### Assignment
Wherever the line with "(x + s3) = f1" sits in the listing below, transcribe from it up to and including the line with "by (intro mult_mono) simp_all", exactly, and leave the remaining lines out.

============================================================

text \<open>Split \<open>P\<close> into the fibres of \<open>f3\<close>; each fibre is bounded both by \<open>|P\<^sub>1\<^sub>2|\<close> and by the
  product of its own projections, and Cauchy-Schwarz sums the geometric means.\<close>
theorem discrete_loomis_whitney:
  assumes fin: "finite P" and inj: "inj_on (\<lambda>x. (f1 x, f2 x, f3 x)) P"
  shows "real (card P)^2 \<le> real (card ((\<lambda>x. (f2 x, f3 x)) ` P))
           * real (card ((\<lambda>x. (f1 x, f3 x)) ` P)) * real (card ((\<lambda>x. (f1 x, f2 x)) ` P))"
proof -
  define S where "S c = {x\<in>P. f3 x = c}" for c
  define N1 where "N1 = card ((\<lambda>x. (f2 x, f3 x)) ` P)"
  define N2 where "N2 = card ((\<lambda>x. (f1 x, f3 x)) ` P)"
  define N3 where "N3 = card ((\<lambda>x. (f1 x, f2 x)) ` P)"
  have inj12: "inj_on (\<lambda>x. (f1 x, f2 x)) (S c)" for c
    using inj unfolding S_def inj_on_def by auto
  have finS: "finite (S c)" for c unfolding S_def using fin by simp
  have cP: "card P = (\<Sum>c\<in>f3 ` P. card (S c))"
    using card_pairs_by_fibres[OF fin, of "\<lambda>x. x" f3] card_image[of "\<lambda>x. (x, f3 x)" P]
    unfolding S_def by (simp add: inj_on_def)
  have N1: "N1 = (\<Sum>c\<in>f3 ` P. card (f2 ` S c))"
    unfolding N1_def S_def by (rule card_pairs_by_fibres[OF fin])
  have N2: "N2 = (\<Sum>c\<in>f3 ` P. card (f1 ` S c))"
    unfolding N2_def S_def by (rule card_pairs_by_fibres[OF fin])
  have fibre: "real (card (S c)) \<le> sqrt (real N3) * (sqrt (card (f1 ` S c)) * sqrt (card (f2 ` S c)))"
    for c
  proof -
    have image12: "card (S c) = card ((\<lambda>x. (f1 x, f2 x)) ` S c)"
      by (rule card_image[OF inj12, symmetric])
    also have "\<dots> \<le> card (f1 ` S c \<times> f2 ` S c)" by (rule card_mono) (auto simp: finS)
    finally have "card (S c) \<le> card (f1 ` S c) * card (f2 ` S c)" by (simp add: card_cartesian_product)
    moreover have "card (S c) \<le> N3"
      unfolding image12 N3_def by (rule card_mono) (auto simp: fin S_def)
    ultimately have "real (card (S c)) * real (card (S c))
                     \<le> real N3 * (real (card (f1 ` S c)) * real (card (f2 ` S c)))"
      by (intro mult_mono) (simp_all flip: of_nat_mult)
    then have "real (card (S c)) \<le> sqrt (real N3 * (real (card (f1 ` S c)) * real (card (f2 ` S c))))"
      by (intro real_le_rsqrt) (simp add: power2_eq_square)
    then show ?thesis by (simp add: real_sqrt_mult)
  qed
  have cauchy_schwarz:
    "(\<Sum>c\<in>f3 ` P. sqrt (card (f1 ` S c)) * sqrt (card (f2 ` S c))) \<le> sqrt (real N2) * sqrt (real N1)"
  proof -
    have "(\<Sum>c\<in>f3 ` P. sqrt (card (f1 ` S c)) * sqrt (card (f2 ` S c)))^2
          \<le> (\<Sum>c\<in>f3 ` P. (sqrt (card (f1 ` S c)))^2) * (\<Sum>c\<in>f3 ` P. (sqrt (card (f2 ` S c)))^2)"
      by (rule Cauchy_Schwarz_ineq_sum)
    also have "\<dots> = real N2 * real N1" unfolding N1 N2 by simp
    finally show ?thesis by (simp add: real_le_rsqrt flip: real_sqrt_mult)
  qed
  have "real (card P) \<le> (\<Sum>c\<in>f3 ` P. sqrt (real N3) * (sqrt (card (f1 ` S c)) * sqrt (card (f2 ` S c))))"
    unfolding cP of_nat_sum by (rule sum_mono) (rule fibre)
  also have "\<dots> \<le> sqrt (real N3) * (sqrt (real N2) * sqrt (real N1))"
    unfolding sum_distrib_left[symmetric] by (rule mult_left_mono[OF cauchy_schwarz]) simp
  also have "\<dots> = sqrt (real N1 * real N2 * real N3)"
    by (simp add: real_sqrt_mult mult_ac)
  finally have "(real (card P))^2 \<le> (sqrt (real N1 * real N2 * real N3))^2"
    by (rule power_mono) simp
  then show ?thesis unfolding N1_def N2_def N3_def by simp
qed

text \<open>If \<open>g\<close> increases by one and \<open>h\<close> is invariant under translation by \<open>s\<close>, then every level
  set of \<open>h\<close> on \<open>P\<close> contains a point \<open>x\<close> (maximising \<open>g\<close>) with \<open>x + s \<notin> P\<close>: the number of
  lines in direction \<open>s\<close> meeting \<open>P\<close> is at most the number of their ends.\<close>
lemma card_projection_le_ends:
  fixes P :: "'v::ab_group_add set" and g :: "'v \<Rightarrow> real"
  assumes fin: "finite P" and g: "\<And>x. g (x + s) = g x + 1" and h: "\<And>x. h (x + s) = h x"
  shows "card (h ` P) \<le> card {x\<in>P. x + s \<notin> P}"
proof -
  let ?E = "{x\<in>P. x + s \<notin> P}"
  have "h ` P \<subseteq> h ` ?E"
  proof
    fix u assume "u \<in> h ` P"
    then obtain x where x: "x \<in> P" "u = h x" by auto
    let ?S = "{y\<in>P. h y = h x}"
    have "Max (g ` ?S) \<in> g ` ?S" using fin x by (intro Max_in) auto
    then obtain y where y: "y \<in> ?S" "g y = Max (g ` ?S)" by auto
    have "y + s \<notin> P"
    proof
      assume "y + s \<in> P"
      then have "g (y + s) \<le> Max (g ` ?S)" using y h fin by simp
      then show False using y g by simp
    qed
    with y have "y \<in> ?E" by simp
    then have "h y \<in> h ` ?E" by (rule imageI)
    then show "u \<in> h ` ?E" using x y by simp
  qed
  then have "card (h ` P) \<le> card (h ` ?E)" by (rule card_mono[rotated]) (use fin in simp)
  also have "\<dots> \<le> card ?E" by (rule card_image_le) (use fin in simp)
  finally show ?thesis .
qed

definition ends :: "'v::ab_group_add set \<Rightarrow> 'v \<Rightarrow> nat" where
  "ends P s = card {x\<in>P. x + s \<notin> P}"

lemma card_shift_in_plus_ends:
  assumes "finite P"
  shows "card {x\<in>P. x + s \<in> P} + ends P s = card P"
proof -
  have "card {x\<in>P. x + s \<in> P} + card {x\<in>P. x + s \<notin> P}
        = card ({x\<in>P. x + s \<in> P} \<union> {x\<in>P. x + s \<notin> P})"
    by (rule card_Un_disjoint[symmetric]) (use assms in auto)
  also have "{x\<in>P. x + s \<in> P} \<union> {x\<in>P. x + s \<notin> P} = P" by auto
  finally show ?thesis unfolding ends_def .
qed

text \<open>Loomis-Whitney in terms of ends: use the coordinates with respect to the basis
  \<open>s1, s2, s3\<close> (Cramer's rule); translation by \<open>s\<^sub>i\<close> moves only the \<open>i\<close>-th coordinate.\<close>
lemma ends_loomis_whitney:
  fixes P :: "(real^3) set"
  assumes fin: "finite P" and D: "det3 s1 s2 s3 \<noteq> 0"
  shows "real (card P)^2 \<le> real (ends P s1) * real (ends P s2) * real (ends P s3)"
proof -
  define f1 where "f1 x = det3 x s2 s3 / det3 s1 s2 s3" for x
  define f2 where "f2 x = det3 s1 x s3 / det3 s1 s2 s3" for x
  define f3 where "f3 x = det3 s1 s2 x / det3 s1 s2 s3" for x
  have inj: "inj_on (\<lambda>x. (f1 x, f2 x, f3 x)) P"
  proof (rule inj_onI)
    fix x y assume "(f1 x, f2 x, f3 x) = (f1 y, f2 y, f3 y)"
    then have "det3 s1 s2 s3 *\<^sub>R x = det3 s1 s2 s3 *\<^sub>R y"
      unfolding det3_cramer[of s1 s2 s3 x] det3_cramer[of s1 s2 s3 y] f1_def f2_def f3_def
      using D by simp
    then show "x = y" using D by simp
  qed
  have shift: "f1 (x + s1) = f1 x + 1" "f2 (x + s1) = f2 x" "f3 (x + s1) = f3 x"
    "f1 (x + s2) = f1 x" "f2 (x + s2) = f2 x + 1" "f3 (x + s2) = f3 x"
    "f1 (x + s3) = f1 x" "f2 (x + s3) = f2 x" "f3 (x + s3) = f3 x + 1" for x
    unfolding f1_def f2_def f3_def using D
    by (simp_all add: det3_linear det3_alternating(1-3) add_divide_distrib)
  have "card ((\<lambda>x. (f2 x, f3 x)) ` P) \<le> ends P s1"
    unfolding ends_def by (rule card_projection_le_ends[OF fin, where g = f1]) (simp_all add: shift)
  moreover have "card ((\<lambda>x. (f1 x, f3 x)) ` P) \<le> ends P s2"
    unfolding ends_def by (rule card_projection_le_ends[OF fin, where g = f2]) (simp_all add: shift)
  moreover have "card ((\<lambda>x. (f1 x, f2 x)) ` P) \<le> ends P s3"
    unfolding ends_def by (rule card_projection_le_ends[OF fin, where g = f3]) (simp_all add: shift)
  ultimately have "real (card ((\<lambda>x. (f2 x, f3 x)) ` P)) * real (card ((\<lambda>x. (f1 x, f3 x)) ` P))
      * real (card ((\<lambda>x. (f1 x, f2 x)) ` P)) \<le> real (ends P s1) * real (ends P s2) * real (ends P s3)"
    by (intro mult_mono) simp_all
  then show ?thesis using discrete_loomis_whitney[OF fin inj] by linarith
qed

lemma amgm3:
  fixes a b c :: real
  assumes "a \<ge> 0" "b \<ge> 0" "c \<ge> 0"
  shows "27 * (a * b * c) \<le> (a + b + c)^3"
proof -
  have "2 * ((a + b + c)^3 - 27 * (a * b * c))
        = (a + b + c) * ((a - b)^2 + (b - c)^2 + (c - a)^2)
          + 6 * (a * (b - c)^2 + b * (c - a)^2 + c * (a - b)^2)"
    by (simp add: power2_eq_square power3_eq_cube algebra_simps)
  also have "\<dots> \<ge> 0" using assms by simp
  finally show ?thesis by simp
qed

lemma powr_cube: "(x::real) > 0 \<Longrightarrow> (x powr a)^3 = x powr (3 * a)"
  by (simp add: powr_realpow[symmetric] powr_powr mult.commute)

lemma sum_ge_of_square_le_product:
  fixes a b c n :: real
  assumes "a \<ge> 0" "b \<ge> 0" "c \<ge> 0" "n > 0" "n^2 \<le> a * b * c"
  shows "3 * n powr (2/3) \<le> a + b + c"
proof (rule ccontr)
  assume "\<not> ?thesis"
  then have "(a + b + c)^3 < (3 * n powr (2/3))^3"
    by (intro power_strict_mono) (use assms in simp_all)
  also have "\<dots> = 27 * n^2"
    using powr_cube[OF assms(4), of "2/3"] assms(4) by (simp add: power_mult_distrib powr_realpow)
  finally show False using amgm3[OF assms(1-3)] assms(5) by simp
qed

lemma ends_sum_bound:
  fixes P :: "(real^3) set"
  assumes "finite P" "P \<noteq> {}" "det3 s1 s2 s3 \<noteq> 0"
  shows "3 * real (card P) powr (2/3) \<le> real (ends P s1) + real (ends P s2) + real (ends P s3)"
  by (rule sum_ge_of_square_le_product) (use ends_loomis_whitney[OF assms(1,3)] assms(1,2) in auto)

lemma contact_number_by_directions:
  fixes P R :: "(real^3) set"
  assumes finP: "finite P" and finR: "finite R"
    and cover: "\<And>x y. x \<in> P \<Longrightarrow> y \<in> P \<Longrightarrow> dist x y = 2 \<Longrightarrow> y - x \<in> R \<or> x - y \<in> R"
    and antipodal_free: "\<And>s. s \<in> R \<Longrightarrow> - s \<notin> R"
    and norm_R: "\<And>s. s \<in> R \<Longrightarrow> norm s = 2"
  shows "contact_number P = (\<Sum>s\<in>R. card {x\<in>P. x + s \<in> P})"
proof -
  let ?E = "{{x, y} | x y. x \<in> P \<and> y \<in> P \<and> dist x y = 2}"
  let ?S = "SIGMA s:R. {x\<in>P. x + s \<in> P}"
  let ?g = "\<lambda>(s, x). {x, x + s}"
  have "inj_on ?g ?S"
  proof (rule inj_onI, clarify)
    fix s x t y assume st: "s \<in> R" "t \<in> R" and eq: "{x, x + s} = {y, y + t}"
    then have "(x = y \<and> x + s = y + t) \<or> (x = y + t \<and> x + s = y)" by (simp add: doubleton_eq_iff)
    moreover have "s + t \<noteq> 0" using antipodal_free[OF st(2)] st(1) by (metis eq_neg_iff_add_eq_0)
    ultimately show "s = t \<and> x = y"
      by (metis add.assoc add_cancel_left_right add_left_cancel)
  qed
  moreover have "?g ` ?S = ?E"
  proof (intro set_eqI iffI)
    fix e assume "e \<in> ?g ` ?S"
    then obtain s x where sx: "s \<in> R" "x \<in> P" "x + s \<in> P" "e = {x, x + s}" by auto
    then have "dist x (x + s) = 2" using norm_R by (simp add: dist_norm)
    then show "e \<in> ?E" using sx by blast
  next
    fix e assume "e \<in> ?E"
    then obtain x y where xy: "x \<in> P" "y \<in> P" "dist x y = 2" "e = {x, y}" by auto
    from cover[OF xy(1-3)] show "e \<in> ?g ` ?S"
    proof
      assume "y - x \<in> R"
      then show ?thesis using xy by (intro rev_image_eqI[of "(y - x, x)"]) auto
    next
      assume "x - y \<in> R"
      then show ?thesis using xy by (intro rev_image_eqI[of "(x - y, y)"]) auto
    qed
  qed
  ultimately have "card ?S = card ?E" by (rule bij_betw_same_card[OF bij_betw_imageI])
  moreover have "card ?S = (\<Sum>s\<in>R. card {x\<in>P. x + s \<in> P})"
    by (rule card_SigmaI) (use finR finP in auto)
  ultimately show ?thesis unfolding contact_number_def by simp
qed

type_synonym parity = "bool \<times> bool \<times> bool"

abbreviation pzero :: parity where "pzero \<equiv> (False, False, False)"

fun pxor :: "parity \<Rightarrow> parity \<Rightarrow> parity" where
  "pxor (a1, a2, a3) (b1, b2, b3) = (a1 \<noteq> b1, a2 \<noteq> b2, a3 \<noteq> b3)"

text \<open>The determinant over \<open>F\<^sub>2\<close>; it is the parity of the integer determinant.\<close>
fun bdet :: "parity \<Rightarrow> parity \<Rightarrow> parity \<Rightarrow> bool" where
  "bdet (a1, a2, a3) (b1, b2, b3) (c1, c2, c3) =
     (((a1 \<and> ((b2 \<and> c3) \<noteq> (b3 \<and> c2))) \<noteq> (a2 \<and> ((b1 \<and> c3) \<noteq> (b3 \<and> c1))))
       \<noteq> (a3 \<and> ((b1 \<and> c2) \<noteq> (b2 \<and> c1))))"

lemma pxor_self [simp]: "pxor x x = pzero"
  by (cases x rule: prod_cases3) auto

lemma pxor_zero [simp]: "pxor x pzero = x"
  by (cases x rule: prod_cases3) auto

lemma pxor_ac:
  "pxor (pxor x y) z = pxor x (pxor y z)" "pxor x y = pxor y x" "pxor x (pxor y z) = pxor y (pxor x z)"
  by (cases x rule: prod_cases3; cases y rule: prod_cases3; cases z rule: prod_cases3; auto)+

lemma pxor_cancel [simp]: "pxor x (pxor x y) = y"
  by (metis pxor_ac(1) pxor_self pxor_ac(2) pxor_zero)

lemma card_parity: "card (UNIV :: parity set) = 8"
  by (simp add: UNIV_Times_UNIV[symmetric] card_cartesian_product del: UNIV_Times_UNIV)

============================================================

### Answer to this problem
    "f1 (x + s3) = f1 x" "f2 (x + s3) = f2 x" "f3 (x + s3) = f3 x + 1" for x
    unfolding f1_def f2_def f3_def using D
    by (simp_all add: det3_linear det3_alternating(1-3) add_divide_distrib)
  have "card ((\<lambda>x. (f2 x, f3 x)) ` P) \<le> ends P s1"
    unfolding ends_def by (rule card_projection_le_ends[OF fin, where g = f1]) (simp_all add: shift)
  moreover have "card ((\<lambda>x. (f1 x, f3 x)) ` P) \<le> ends P s2"
    unfolding ends_def by (rule card_projection_le_ends[OF fin, where g = f2]) (simp_all add: shift)
  moreover have "card ((\<lambda>x. (f1 x, f2 x)) ` P) \<le> ends P s3"
    unfolding ends_def by (rule card_projection_le_ends[OF fin, where g = f3]) (simp_all add: shift)
  ultimately have "real (card ((\<lambda>x. (f2 x, f3 x)) ` P)) * real (card ((\<lambda>x. (f1 x, f3 x)) ` P))
      * real (card ((\<lambda>x. (f1 x, f2 x)) ` P)) \<le> real (ends P s1) * real (ends P s2) * real (ends P s3)"
    by (intro mult_mono) simp_all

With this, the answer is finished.